The article contains code examples, which you can find at the end

Rise of GPUs

Graphics processing units have been around for quite some time. Its job is to render 2D and 3D graphics in millions of pixels, calculate their color, texture and lighting, and send them to your monitor. For a 60 Hz monitor, this means images are rendered 60 times per second.

Rendering graphics is one thing, but developing code to deal with GPUs was a bit more difficult. Until NVIDIA released CUDA (Compute Unified Device Architecture) dans 2006, which allows scientific researchers and developers working in areas that require extensive parallel mathematics to leverage the capabilities of a GPU. With the advent of machine learning in the early 2010s, it was discovered that massively parallel mathematics was exactly what ML engineers needed to train deep neural networks. Since then, CUDAs focus has shifted more towards optimization for machine learning and AI workloads.

Because GPUs were commercially available and relatively inexpensive at the time, the barrier to entry was low. An ML engineer could train models on their NVIDIA graphics card during the day and jump into a League of Legends game on the same hardware at night.

Honorable mention

AMDs GPUs with Radeon Open Compute (ROCm) in an open source software stack designed to compete in the AI ​​ecosystem. Although it is not as popular as CUDA, this gap is closing Meta recently signed a deal to expand its existing partnership with AMD.

Tensor processing unit

In the early 2010s, Google predicted that the growing demands of its AI workloads, particularly the rapid adoption of deep learning in products such as search and photos, would require its data center computing capacity to double approximately every year and a half. Instead of scaling generic hardware indefinitely, Google looked for a more efficient solution designed specifically for neural network computation, and so the Tensor Processing Unit (TPU) was born. The TPU is a custom application-specific integrated circuit (ASIC) designed by Google specifically to accelerate AI workloads and will be deployed internally starting in 2015. By specializing hardware in the dense matrix operations at the heart of neural networks, TPUs achieve significantly better performance per watt than general-purpose CPUs or GPUs, reducing both power consumption and cooling requirements at data center scale.

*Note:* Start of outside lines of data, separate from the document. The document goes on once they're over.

(* Let $M_1>0$, $M_2>0$. Let $F(z)=|z|^2G(z)+H(z)$, $z\in\mathbb{D}$, where $G,H$ are analytic in $\mathbb{D}$ with $G(0)=H(0)=0$, $G'(0)=H'(0)=1$, $|G(z)|\leq M_1$ and $|H(z)|\leq M_2$ for all $z\in\mathbb{D}$. Let $\rho_3$ be the unique root in $(0,1)$ of the equation $$1-\Big(M_2-\frac{1}{M_2}\Big)\frac{2r-r^2}{(1-r)^2}-\Big(M_1-\frac{1}{M_1}\Big)\frac{(3-2r)r^2}{(1-r)^2}-2r=0,$$ and $$\sigma_3=\rho_3-\rho_3^2-\Big(M_2-\frac{1}{M_2}\Big)\frac{\rho_3^2}{1-\rho_3}-\Big(M_1-\frac{1}{M_1}\Big)\frac{\rho_3^3}{1-\rho_3}.$$ Then $F$ is univalent in $\mathbb{D}_{\rho_3}$ and $F(\mathbb{D}_{\rho_3})\supseteq\mathbb{D}_{\sigma_3}$.
   Context: $\mathbb{D}=\{z:|z|<1\}$ and $\mathbb{D}_r=\{z\in\mathbb{C}:|z|<r\}$. *)

theory Defs
  imports "HOL-Complex_Analysis.Complex_Analysis"
begin

definition rho3_eq :: "real \<Rightarrow> real \<Rightarrow> real \<Rightarrow> real" where
  "rho3_eq M1 M2 r = 1 - (M2 - 1 / M2) * ((2 * r - r ^ 2) / (1 - r) ^ 2)
      - (M1 - 1 / M1) * ((3 - 2 * r) * r ^ 2 / (1 - r) ^ 2) - 2 * r"

definition rho3 :: "real \<Rightarrow> real \<Rightarrow> real" where
  "rho3 M1 M2 = (THE r. 0 < r \<and> r < 1 \<and> rho3_eq M1 M2 r = 0)"

definition sigma3 :: "real \<Rightarrow> real \<Rightarrow> real" where
  "sigma3 M1 M2 = (let p = rho3 M1 M2 in
      p - p ^ 2 - (M2 - 1 / M2) * (p ^ 2 / (1 - p)) - (M1 - 1 / M1) * (p ^ 3 / (1 - p)))"

end

theory Submission
  imports Defs
begin

(* Write G(z) = z q(z) (and likewise for H).  Then q(0) = 1 and |q| <= M, and the Schwarz-Pick
   lemma applied to q / M gives |q(z) - 1| <= (M - 1/M) |z| / (1 - |z|) together with a bound on
   |q'(z)|; this controls |G(z) - z|, |G'(z)| and, when M |z| <= 1, |G'(z) - 1| on every disc of
   radius r < 1.  For |z1|, |z2| <= r one gets
     |F(z2) - F(z1)| >= (1 - L_H - r^2 L_G - 2 r sup |G|) |z2 - z1|,
   where L_H and L_G are Lipschitz constants of H - id and G on the disc.  For r < rho3 this
   factor is at least the left-hand side of the equation defining rho3, hence positive, so F is
   injective.  By invariance of domain the image of the open disc is open, and since
   |F| >= sigma3 on the circle |z| = rho3 it contains the disc of radius sigma3. *)

lemma Schwarz_Lemma_bounded:
  fixes f :: "complex \<Rightarrow> complex" and M :: real
  assumes holf: "f holomorphic_on ball 0 1" and f0: "f 0 = 0"
    and fM: "\<And>z. norm z < 1 \<Longrightarrow> norm (f z) \<le> M" and \<xi>: "norm \<xi> < 1"
  shows "norm (f \<xi>) \<le> M * norm \<xi>" and "norm (deriv f 0) \<le> M"
proof -
  have pos: "0 < M'" if "M < M'" for M'
    using fM[of 0] f0 that by simp
  have scaled: "norm (f \<xi>) / M' \<le> norm \<xi> \<and> norm (deriv f 0) / M' \<le> 1" if MM': "M < M'" for M'
  proof -
    have M'0: "0 < M'" using pos[OF MM'] .
    define g where "g w = f w / of_real M'" for w
    have holg: "g holomorphic_on ball 0 1"
      unfolding g_def using holf by (intro holomorphic_intros) auto
    have g0: "g 0 = 0" by (simp add: g_def f0)
    have g1: "norm (g w) < 1" if "norm w < 1" for w
      using fM[OF that] MM' M'0 by (simp add: g_def norm_divide divide_less_eq)
    have "f field_differentiable at 0"
      using holf by (simp add: holomorphic_on_imp_differentiable_at)
    then have "deriv g 0 = deriv f 0 / of_real M'"
      unfolding g_def by (rule deriv_cdivide_right)
    then have "norm (deriv f 0) / M' \<le> 1"
      using Schwarz_Lemma(2)[OF holg g0 g1 \<xi>] M'0 by (simp add: norm_divide)
    moreover have "norm (f \<xi>) / M' \<le> norm \<xi>"
      using Schwarz_Lemma(1)[OF holg g0 g1 \<xi>] M'0 by (simp add: g_def norm_divide)
    ultimately show ?thesis by simp
  qed
  show "norm (deriv f 0) \<le> M"
  proof (rule dense_ge)
    fix M' assume "M < M'"
    then show "norm (deriv f 0) \<le> M'"
      using scaled pos by (simp add: pos_divide_le_eq)
  qed
  show "norm (f \<xi>) \<le> M * norm \<xi>"
  proof (cases "\<xi> = 0")
    case True
    then show ?thesis using f0 by simp
  next
    case False
    have "norm (f \<xi>) / norm \<xi> \<le> M"
    proof (rule dense_ge)
      fix M' assume "M < M'"
      then show "norm (f \<xi>) / norm \<xi> \<le> M'"
        using scaled pos False by (simp add: pos_divide_le_eq mult.commute)
    qed
    then show ?thesis using False by (simp add: pos_divide_le_eq mult.commute)
  qed
qed

lemma Moebius_function_0_has_field_derivative:
  assumes "1 - cnj c * w \<noteq> 0"
  shows "(Moebius_function 0 c has_field_derivative (1 - c * cnj c) / (1 - cnj c * w)\<^sup>2) (at w)"
proof -
  have "Moebius_function 0 c = (\<lambda>w. (w - c) / (1 - cnj c * w))"
    by (rule ext) (simp add: Moebius_function_simple)
  then show ?thesis
    using assms by (auto intro!: derivative_eq_intros simp: field_simps power2_eq_square)
qed

lemma Schwarz_Pick_real_value_at_0:
  fixes \<psi> :: "complex \<Rightarrow> complex" and a :: real
  assumes hol: "\<psi> holomorphic_on ball 0 1"
    and lt1: "\<And>z. norm z < 1 \<Longrightarrow> norm (\<psi> z) < 1"
    and \<psi>0: "\<psi> 0 = of_real a" and a0: "0 \<le> a" and a1: "a < 1"
    and z: "norm z < 1"
  shows "norm (\<psi> z - a) * (1 - a * norm z) \<le> (1 - a\<^sup>2) * norm z"
proof -
  define g where "g = Moebius_function 0 (of_real a) \<circ> \<psi>"
  have na: "norm (complex_of_real a) < 1" using a0 a1 by simp
  have holg: "g holomorphic_on ball 0 1"
    unfolding g_def
    by (rule holomorphic_on_compose_gen[OF hol Moebius_function_holomorphic[OF na]])
       (use lt1 in auto)
  have g0: "g 0 = 0" by (simp add: g_def \<psi>0 Moebius_function_eq_zero)
  have g1: "norm (g w) < 1" if "norm w < 1" for w
    unfolding g_def o_def using Moebius_function_norm_lt_1[OF na lt1[OF that]] .
  have "a * norm (\<psi> z) \<le> norm (\<psi> z)"
    using a0 a1 by (simp add: mult_left_le_one_le)
  then have "norm (a * \<psi> z) < 1"
    using a0 lt1[OF z] by (simp add: norm_mult)
  then have nz: "1 - a * \<psi> z \<noteq> 0" by auto
  have "\<psi> z - a = g z * (1 - a * \<psi> z)"
    using nz by (simp add: g_def Moebius_function_simple)
  have triangle: "norm (1 - a * \<psi> z) \<le> (1 - a\<^sup>2) + a * norm (\<psi> z - a)"
  proof -
    have "1 - a * \<psi> z = of_real (1 - a\<^sup>2) - a * (\<psi> z - a)"
      by (simp add: algebra_simps power2_eq_square)
    also have "norm \<dots> \<le> norm (complex_of_real (1 - a\<^sup>2)) + norm (a * (\<psi> z - a))"
      by (rule norm_triangle_ineq4)
    also have "\<dots> = (1 - a\<^sup>2) + a * norm (\<psi> z - a)"
      using a0 a1 power_le_one[of a 2] by (simp only: norm_mult norm_of_real) simp
    finally show ?thesis .
  qed
  have "norm (\<psi> z - a) \<le> norm z * norm (1 - a * \<psi> z)"
    using \<open>\<psi> z - a = g z * (1 - a * \<psi> z)\<close> Schwarz_Lemma(1)[OF holg g0 g1 z]
    by (simp add: norm_mult mult_right_mono)
  also have "\<dots> \<le> norm z * ((1 - a\<^sup>2) + a * norm (\<psi> z - a))"
    using triangle by (simp add: mult_left_mono)
  finally show ?thesis by (simp add: algebra_simps)
qed

lemma Moebius_conjugate_self_map:
  fixes \<psi> :: "complex \<Rightarrow> complex"
  assumes hol: "\<psi> holomorphic_on ball 0 1"
    and lt1: "\<And>z. norm z < 1 \<Longrightarrow> norm (\<psi> z) < 1"
    and a: "norm a < 1" and b: "norm b < 1"
  shows "(Moebius_function 0 b \<circ> (\<psi> \<circ> Moebius_function 0 a)) holomorphic_on ball 0 1"
    and "\<And>w. norm w < 1 \<Longrightarrow> norm ((Moebius_function 0 b \<circ> (\<psi> \<circ> Moebius_function 0 a)) w) < 1"
proof -
  have into: "Moebius_function 0 a ` ball 0 1 \<subseteq> ball 0 1"
    using Moebius_function_norm_lt_1[OF a] by auto
  have "(\<psi> \<circ> Moebius_function 0 a) holomorphic_on ball 0 1"
    by (rule holomorphic_on_compose_gen[OF Moebius_function_holomorphic[OF a] hol into])
  then show "(Moebius_function 0 b \<circ> (\<psi> \<circ> Moebius_function 0 a)) holomorphic_on ball 0 1"
    by (rule holomorphic_on_compose_gen)
       (use lt1 into in \<open>auto intro!: Moebius_function_holomorphic[OF b]\<close>)
  show "norm ((Moebius_function 0 b \<circ> (\<psi> \<circ> Moebius_function 0 a)) w) < 1" if "norm w < 1" for w
    using Moebius_function_norm_lt_1[OF b lt1[OF Moebius_function_norm_lt_1[OF a that]]] by simp
qed

lemma Schwarz_Pick_deriv:
  fixes \<psi> :: "complex \<Rightarrow> complex"
  assumes hol: "\<psi> holomorphic_on ball 0 1"
    and lt1: "\<And>z. norm z < 1 \<Longrightarrow> norm (\<psi> z) < 1"
    and z0: "norm z0 < 1"
  shows "norm (deriv \<psi> z0) * (1 - (norm z0)\<^sup>2) \<le> 1 - (norm (\<psi> z0))\<^sup>2"
proof -
  define b where "b = \<psi> z0"
  have nb: "norm b < 1" using lt1[OF z0] by (simp add: b_def)
  have nz0: "norm (-z0) < 1" using z0 by simp
  define m1 where "m1 = Moebius_function 0 (-z0)"
  define m2 where "m2 = Moebius_function 0 b"
  define g where "g = m2 \<circ> (\<psi> \<circ> m1)"
  have holg: "g holomorphic_on ball 0 1" and g1: "\<And>w. norm w < 1 \<Longrightarrow> norm (g w) < 1"
    using Moebius_conjugate_self_map[of \<psi> "-z0" b] hol lt1 nz0 nb
    unfolding g_def m1_def m2_def by blast+
  have m1_0: "m1 0 = z0" by (simp add: m1_def Moebius_function_of_zero)
  have g0: "g 0 = 0" by (simp add: g_def m1_0 m2_def b_def Moebius_function_eq_zero)
  have bb: "cnj b * b = of_real ((norm b)\<^sup>2)" "b * cnj b = of_real ((norm b)\<^sup>2)"
    by (simp_all only: complex_norm_square mult.commute[of "cnj b"])
  have zz: "z0 * cnj z0 = of_real ((norm z0)\<^sup>2)"
    by (simp only: complex_norm_square)
  have pb: "0 < 1 - (norm b)\<^sup>2" and pz: "0 < 1 - (norm z0)\<^sup>2"
    using nb z0 by (simp_all add: abs_square_less_1)
  then have nbb: "1 - cnj b * b \<noteq> 0"
    unfolding bb by (metis of_real_1 of_real_diff of_real_eq_0_iff less_irrefl)
  have dm1: "(m1 has_field_derivative (1 - z0 * cnj z0)) (at 0)"
    unfolding m1_def using Moebius_function_0_has_field_derivative[of "-z0" 0] by simp
  have d\<psi>: "(\<psi> has_field_derivative deriv \<psi> z0) (at (m1 0))"
    unfolding m1_0 by (rule holomorphic_derivI[OF hol]) (use z0 in auto)
  have dm2: "(m2 has_field_derivative (1 - b * cnj b) / (1 - cnj b * b)\<^sup>2) (at ((\<psi> \<circ> m1) 0))"
    unfolding m2_def using Moebius_function_0_has_field_derivative[OF nbb] by (simp add: m1_0 b_def)
  have "deriv g 0 = (1 - b * cnj b) / (1 - cnj b * b)\<^sup>2 * (deriv \<psi> z0 * (1 - z0 * cnj z0))"
    unfolding g_def by (rule DERIV_imp_deriv[OF DERIV_chain[OF dm2 DERIV_chain[OF d\<psi> dm1]]])
  also have "\<dots> = deriv \<psi> z0 * of_real (1 - (norm z0)\<^sup>2) / of_real (1 - (norm b)\<^sup>2)"
    using nbb unfolding bb zz by (simp add: power2_eq_square)
  moreover have "norm (complex_of_real (1 - (norm z0)\<^sup>2)) = 1 - (norm z0)\<^sup>2"
    "norm (complex_of_real (1 - (norm b)\<^sup>2)) = 1 - (norm b)\<^sup>2"
    using pb pz by (simp_all only: norm_of_real abs_of_pos)
  ultimately have "norm (deriv \<psi> z0) * (1 - (norm z0)\<^sup>2) / (1 - (norm b)\<^sup>2) \<le> 1"
    using Schwarz_Lemma(2)[OF holg g0 g1, of 0] by (simp only: norm_mult norm_divide) simp
  then show ?thesis
    using pb by (simp add: b_def pos_divide_le_eq)
qed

Google has a history of exposing internally used tools to the world, and TPUs are another example of this. The existence of TPUs was first publicly announced at Google I/O in 2016. Dans 2018, Cloud TPU v2 became available to external users via Google Cloud. This was the first time that developers outside of Google were able to use the same accelerators that power Googles own AI systems. TPUs are also available in two performance variants: Efficiency And Performance to meet different market needs.

NOTE: As of the 8th generation of TPUs announced during Google Next 2026, Efficiency And Performance TPUs are renamed conclusion And Training or in favor of a more descriptive, workload-based naming convention.

Architectural layout

From an architectural perspective, GPUs can be thought of as individual computers with accelerators (imagine your home gaming PC). If you want to connect them into a cluster, it does so over a network, but no matter how fast the network is, it still has to cross node boundaries and the bandwidth drops as a result.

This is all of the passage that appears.